• [PROVIDED INFORMATION]:

definition z :: "real \<Rightarrow> (real^'d) \<times> (real^'p)" where
  "z t = (x t, lam t)"

definition primal_field :: "(real^'d) \<times> (real^'p) \<Rightarrow> real^'d" where
  "primal_field w = - \<alpha> *\<^sub>R (DF (fst w) + transpose A *v snd w) - transpose A *v (A *v fst w - b)"

definition vector_field :: "(real^'d) \<times> (real^'p) \<Rightarrow> (real^'d) \<times> (real^'p)" where
  "vector_field w = (primal_field w, A *v fst w - b)"

lemma has_vector_derivative_z:
  "t \<ge> 0 \<Longrightarrow> (z has_vector_derivative vector_field (z t)) (at t within {0..})"
  unfolding z_def vector_field_def primal_field_def fst_conv snd_conv
  by (intro has_vector_derivative_Pair ode_x ode_lam)

lemma continuous_on_DF [continuous_intros]: "continuous_on S f \<Longrightarrow> continuous_on S (\<lambda>w. DF (f w))"
  by (rule continuous_on_compose2[OF continuous_grad]) auto

lemma continuous_on_primal_field: "continuous_on UNIV primal_field"
  unfolding primal_field_def by (intro continuous_intros)

lemma continuous_on_vector_field: "continuous_on UNIV vector_field"
  unfolding vector_field_def by (intro continuous_intros continuous_on_primal_field)

definition lyapunov :: "(real^'d) \<times> (real^'p) \<Rightarrow> (real^'d) \<times> (real^'p) \<Rightarrow> real" where
  "lyapunov c w = (norm (fst w - fst c))\<^sup>2 + \<alpha> * (norm (snd w - snd c))\<^sup>2"

definition lyapunov_rate :: "(real^'d) \<times> (real^'p) \<Rightarrow> (real^'d) \<times> (real^'p) \<Rightarrow> real" where
  "lyapunov_rate c w =
     2 * ((fst w - fst c) \<bullet> primal_field w) + 2 * \<alpha> * ((snd w - snd c) \<bullet> (A *v fst w - b))"

lemma has_real_derivative_lyapunov:
  assumes "t \<ge> 0"
  shows "((\<lambda>t. lyapunov c (z t)) has_real_derivative lyapunov_rate c (z t)) (at t within {0..})"
proof -
  have dx: "(x has_derivative (\<lambda>h. h *\<^sub>R primal_field (z t))) (at t within {0..})"
    using ode_x[OF assms] by (simp add: primal_field_def z_def has_vector_derivative_def)
  have dlam: "(lam has_derivative (\<lambda>h. h *\<^sub>R (A *v x t - b))) (at t within {0..})"
    using ode_lam[OF assms] by (simp add: has_vector_derivative_def)
  have "((\<lambda>t. (x t - fst c) \<bullet> (x t - fst c) + \<alpha> * ((lam t - snd c) \<bullet> (lam t - snd c)))
      has_derivative (*) (lyapunov_rate c (z t))) (at t within {0..})"
    by (rule derivative_eq_intros dx dlam refl)+
       (simp add: lyapunov_rate_def z_def inner_commute algebra_simps fun_eq_iff)
  then show ?thesis
    by (simp add: has_field_derivative_def lyapunov_def z_def power2_norm_eq_inner)
qed

lemma lyapunov_rate_eq:
  assumes "kkt c"
  shows "lyapunov_rate c w =
    - 2 * \<alpha> * ((fst w - fst c) \<bullet> (DF (fst w) - DF (fst c))) - 2 * (norm (A *v fst w - b))\<^sup>2"
proof -
  obtain p q where c: "c = (p, q)"
    by fastforce
  obtain u l where w: "w = (u, l)"
    by fastforce
  have feasible: "A *v (u - p) = A *v u - b" and stationary: "DF p = - (transpose A *v q)"
    using assms by (auto simp: c kkt_point_def matrix_vector_mult_diff_distrib eq_neg_iff_add_eq_0)
  have primal: "(u - p) \<bullet> primal_field (u, l)
      = - \<alpha> * ((u - p) \<bullet> DF u + (A *v u - b) \<bullet> l) - (A *v u - b) \<bullet> (A *v u - b)"
    unfolding primal_field_def fst_conv snd_conv
    by (simp only: inner_diff_right inner_scaleR_right inner_add_right inner_transpose_right feasible)
  have gradient: "(u - p) \<bullet> (DF u - DF p) = (u - p) \<bullet> DF u + (A *v u - b) \<bullet> q"
    by (simp only: inner_diff_right stationary inner_minus_right inner_transpose_right feasible
        diff_minus_eq_add inner_add_right)
  have dual: "(l - q) \<bullet> (A *v u - b) = (A *v u - b) \<bullet> l - (A *v u - b) \<bullet> q"
    by (simp add: inner_diff_left inner_commute)
  show ?thesis
    unfolding lyapunov_rate_def c w fst_conv snd_conv power2_norm_eq_inner primal gradient dual
    by (simp add: algebra_simps del: inner_add inner_diff)
qed

lemma lyapunov_rate_nonpos:
  assumes "kkt c"
  shows "lyapunov_rate c w \<le> 0"
proof -
  have "0 \<le> (fst w - fst c) \<bullet> (DF (fst w) - DF (fst c))"
    by (rule convex_on_gderiv_monotone[OF convex grad])
  then have "0 \<le> \<alpha> * ((fst w - fst c) \<bullet> (DF (fst w) - DF (fst c)))"
    using alpha_pos by simp
  then show ?thesis
    unfolding lyapunov_rate_eq[OF assms] using zero_le_power2[of "norm (A *v fst w - b)"] by linarith
qed

lemma lyapunov_antimono:
  assumes "kkt c" and "0 \<le> s" "s \<le> t"
  shows "lyapunov c (z t) \<le> lyapunov c (z s)"
  using has_real_derivative_lyapunov lyapunov_rate_nonpos[OF \<open>kkt c\<close>] assms(2,3)
  by (rule antimono_if_has_real_derivative_nonpos)

lemma lyapunov_nonneg: "0 \<le> lyapunov c w"
  unfolding lyapunov_def using alpha_pos by simp

lemma norm_le_lyapunov: "(norm (w - c))\<^sup>2 \<le> (1 + 1 / \<alpha>) * lyapunov c w"
proof -
  have "(norm (w - c))\<^sup>2 = (norm (fst w - fst c))\<^sup>2 + (norm (snd w - snd c))\<^sup>2"
    by (cases w, cases c) (simp add: norm_Pair)
  also have "\<dots> \<le> (1 + 1 / \<alpha>) * lyapunov c w"
    using alpha_pos by (simp add: lyapunov_def field_simps)
  finally show ?thesis .
qed

lemma bounded_trajectory:
  assumes "kkt c"
  shows "bounded (z ` {0..})"
proof -
  have "dist c (z t) \<le> sqrt ((1 + 1 / \<alpha>) * lyapunov c (z 0))" if "0 \<le> t" for t
  proof (rule real_le_rsqrt)
    have "(dist c (z t))\<^sup>2 \<le> (1 + 1 / \<alpha>) * lyapunov c (z t)"
      using norm_le_lyapunov[of "z t" c] by (simp add: dist_norm norm_minus_commute)
    also have "\<dots> \<le> (1 + 1 / \<alpha>) * lyapunov c (z 0)"
      using lyapunov_antimono[OF assms order_refl that] alpha_pos by (intro mult_left_mono) auto
    finally show "(dist c (z t))\<^sup>2 \<le> (1 + 1 / \<alpha>) * lyapunov c (z 0)" .
  qed
  then show ?thesis
    unfolding bounded_def by blast
qed

lemma lipschitz_trajectory:
  assumes "kkt c"
  obtains B where "B-lipschitz_on {0..} z"
proof -
  have "compact (vector_field ` closure (z ` {0..}))"
    using bounded_trajectory[OF assms]
    by (intro compact_continuous_image continuous_on_subset[OF continuous_on_vector_field]) auto
  then obtain B where "B > 0" and B: "\<And>w. w \<in> closure (z ` {0..}) \<Longrightarrow> norm (vector_field w) \<le> B"
    by (auto dest!: compact_imp_bounded simp: bounded_pos)
  have "B-lipschitz_on {0..} z"
  proof (rule bounded_derivative_imp_lipschitz)
    fix t :: real assume "t \<in> {0..}"
    then show "(z has_derivative (\<lambda>h. h *\<^sub>R vector_field (z t))) (at t within {0..})"
      using has_vector_derivative_z by (simp add: has_vector_derivative_def)
    have "z t \<in> closure (z ` {0..})"
      using \<open>t \<in> {0..}\<close> by (intro closure_subset[THEN subsetD]) auto
    then show "onorm (\<lambda>h. h *\<^sub>R vector_field (z t)) \<le> B"
      using B by (simp add: onorm_scaleR_left[OF bounded_linear_ident] onorm_id)
  qed (use \<open>B > 0\<close> in auto)
  then show ?thesis ..
qed

lemma uniformly_continuous_on_trajectory:
  fixes H :: "(real^'d) \<times> (real^'p) \<Rightarrow> 'a::metric_space"
  assumes "kkt c" and "continuous_on UNIV H"
  shows "uniformly_continuous_on {0..} (\<lambda>t. H (z t))"
proof (rule uniformly_continuous_on_compose[where g = z])
  obtain B where "B-lipschitz_on {0..} z"
    using lipschitz_trajectory[OF assms(1)] .
  then show "uniformly_continuous_on {0..} z"
    by (rule lipschitz_on_uniformly_continuous)
  have "uniformly_continuous_on (closure (z ` {0..})) H"
    using bounded_trajectory[OF assms(1)]
    by (intro compact_uniformly_continuous continuous_on_subset[OF assms(2)]) auto
  then show "uniformly_continuous_on (z ` {0..}) H"
    unfolding uniformly_continuous_on_def by (meson closure_subset subsetD)
qed

lemma lyapunov_rate_tendsto_0:
  assumes "kkt c"
  shows "((\<lambda>t. lyapunov_rate c (z t)) \<longlongrightarrow> 0) at_top"
proof (rule tendsto_zero_if_uniformly_continuous_derivative)
  show "((\<lambda>t. lyapunov c (z t)) has_vector_derivative lyapunov_rate c (z t)) (at t within {0..})"
    if "0 \<le> t" for t
    using has_real_derivative_lyapunov[OF that] by (simp add: has_real_derivative_iff_has_vector_derivative)
  show "((\<lambda>t. lyapunov c (z t)) \<longlongrightarrow> (INF t\<in>{0..}. lyapunov c (z t))) at_top"
    using lyapunov_antimono[OF assms] lyapunov_nonneg by (rule tendsto_INF_if_antimono)
  show "uniformly_continuous_on {0..} (\<lambda>t. lyapunov_rate c (z t))"
    unfolding lyapunov_rate_def
    by (intro uniformly_continuous_on_trajectory[OF assms] continuous_intros continuous_on_primal_field)
qed

lemma residual_tendsto_0:
  assumes "kkt c"
  shows "((\<lambda>t. A *v x t - b) \<longlongrightarrow> 0) at_top"
proof (rule Lim_null_comparison)
  have "(norm (A *v x t - b))\<^sup>2 \<le> - lyapunov_rate c (z t) / 2" for t
  proof -
    have "0 \<le> (x t - fst c) \<bullet> (DF (x t) - DF (fst c))"
      by (rule convex_on_gderiv_monotone[OF convex grad])
    then have "0 \<le> \<alpha> * ((x t - fst c) \<bullet> (DF (x t) - DF (fst c)))"
      using alpha_pos by simp
    then have "2 * (norm (A *v x t - b))\<^sup>2 \<le> - lyapunov_rate c (z t)"
      unfolding lyapunov_rate_eq[OF assms] z_def fst_conv by linarith
    then show ?thesis
      by simp
  qed
  then show "\<forall>\<^sub>F t in at_top. norm (A *v x t - b) \<le> sqrt (- lyapunov_rate c (z t) / 2)"
    by (intro always_eventually allI real_le_rsqrt)
  show "((\<lambda>t. sqrt (- lyapunov_rate c (z t) / 2)) \<longlongrightarrow> 0) at_top"
    using tendsto_real_sqrt[OF tendsto_divide[OF tendsto_minus[OF lyapunov_rate_tendsto_0[OF assms]]
        tendsto_const[of 2]]]
    by simp
qed

lemma A_primal_field_tendsto_0:
  assumes "kkt c"
  shows "((\<lambda>t. A *v primal_field (z t)) \<longlongrightarrow> 0) at_top"
proof (rule tendsto_zero_if_uniformly_continuous_derivative)
  show "((\<lambda>t. A *v x t - b) has_vector_derivative A *v primal_field (z t)) (at t within {0..})"
    if "0 \<le> t" for t
  proof -
    have "(x has_vector_derivative primal_field (z t)) (at t within {0..})"
      using ode_x[OF that] by (simp add: primal_field_def z_def)
    from bounded_linear.has_vector_derivative[OF matrix_vector_mul_bounded_linear this]
    have "((\<lambda>t. A *v x t) has_vector_derivative A *v primal_field (z t)) (at t within {0..})" .
    then show ?thesis
      using has_vector_derivative_diff[OF _ has_vector_derivative_const[of b]] by fastforce
  qed
  show "((\<lambda>t. A *v x t - b) \<longlongrightarrow> 0) at_top"
    by (rule residual_tendsto_0[OF assms])
  show "uniformly_continuous_on {0..} (\<lambda>t. A *v primal_field (z t))"
    by (intro uniformly_continuous_on_trajectory[OF assms] continuous_intros continuous_on_primal_field)
qed

lemma limit_point_exists:
  assumes "kkt c"
  obtains s c' where "filterlim s at_top sequentially" and "(\<lambda>n. z (s n)) \<longlonglongrightarrow> c'"
proof -
  have "bounded (range (\<lambda>n. z (real n)))"
    using bounded_trajectory[OF assms] by (rule bounded_subset) auto
  then obtain r c' where "strict_mono r" and "((\<lambda>n. z (real n)) \<circ> r) \<longlonglongrightarrow> c'"
    using bounded_imp_convergent_subsequence by blast
  moreover have "filterlim (\<lambda>n. real (r n)) at_top sequentially"
    by (rule filterlim_compose[OF filterlim_real_sequentially filterlim_subseq[OF \<open>strict_mono r\<close>]])
  ultimately show ?thesis
    using that by (simp add: o_def)
qed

• [TASK]: In the material above, transcribe exactly the lines beginning at the one with "t) \<le> lyapunov" and ending at the one with "using lyapunov_antimono[OF assms order_refl", both included.

• [ANSWER TO THE PROBLEM]:
  shows "lyapunov c (z t) \<le> lyapunov c (z s)"
  using has_real_derivative_lyapunov lyapunov_rate_nonpos[OF \<open>kkt c\<close>] assms(2,3)
  by (rule antimono_if_has_real_derivative_nonpos)

lemma lyapunov_nonneg: "0 \<le> lyapunov c w"
  unfolding lyapunov_def using alpha_pos by simp

lemma norm_le_lyapunov: "(norm (w - c))\<^sup>2 \<le> (1 + 1 / \<alpha>) * lyapunov c w"
proof -
  have "(norm (w - c))\<^sup>2 = (norm (fst w - fst c))\<^sup>2 + (norm (snd w - snd c))\<^sup>2"
    by (cases w, cases c) (simp add: norm_Pair)
  also have "\<dots> \<le> (1 + 1 / \<alpha>) * lyapunov c w"
    using alpha_pos by (simp add: lyapunov_def field_simps)
  finally show ?thesis .
qed

lemma bounded_trajectory:
  assumes "kkt c"
  shows "bounded (z ` {0..})"
proof -
  have "dist c (z t) \<le> sqrt ((1 + 1 / \<alpha>) * lyapunov c (z 0))" if "0 \<le> t" for t
  proof (rule real_le_rsqrt)
    have "(dist c (z t))\<^sup>2 \<le> (1 + 1 / \<alpha>) * lyapunov c (z t)"
      using norm_le_lyapunov[of "z t" c] by (simp add: dist_norm norm_minus_commute)
    also have "\<dots> \<le> (1 + 1 / \<alpha>) * lyapunov c (z 0)"
      using lyapunov_antimono[OF assms order_refl that] alpha_pos by (intro mult_left_mono) auto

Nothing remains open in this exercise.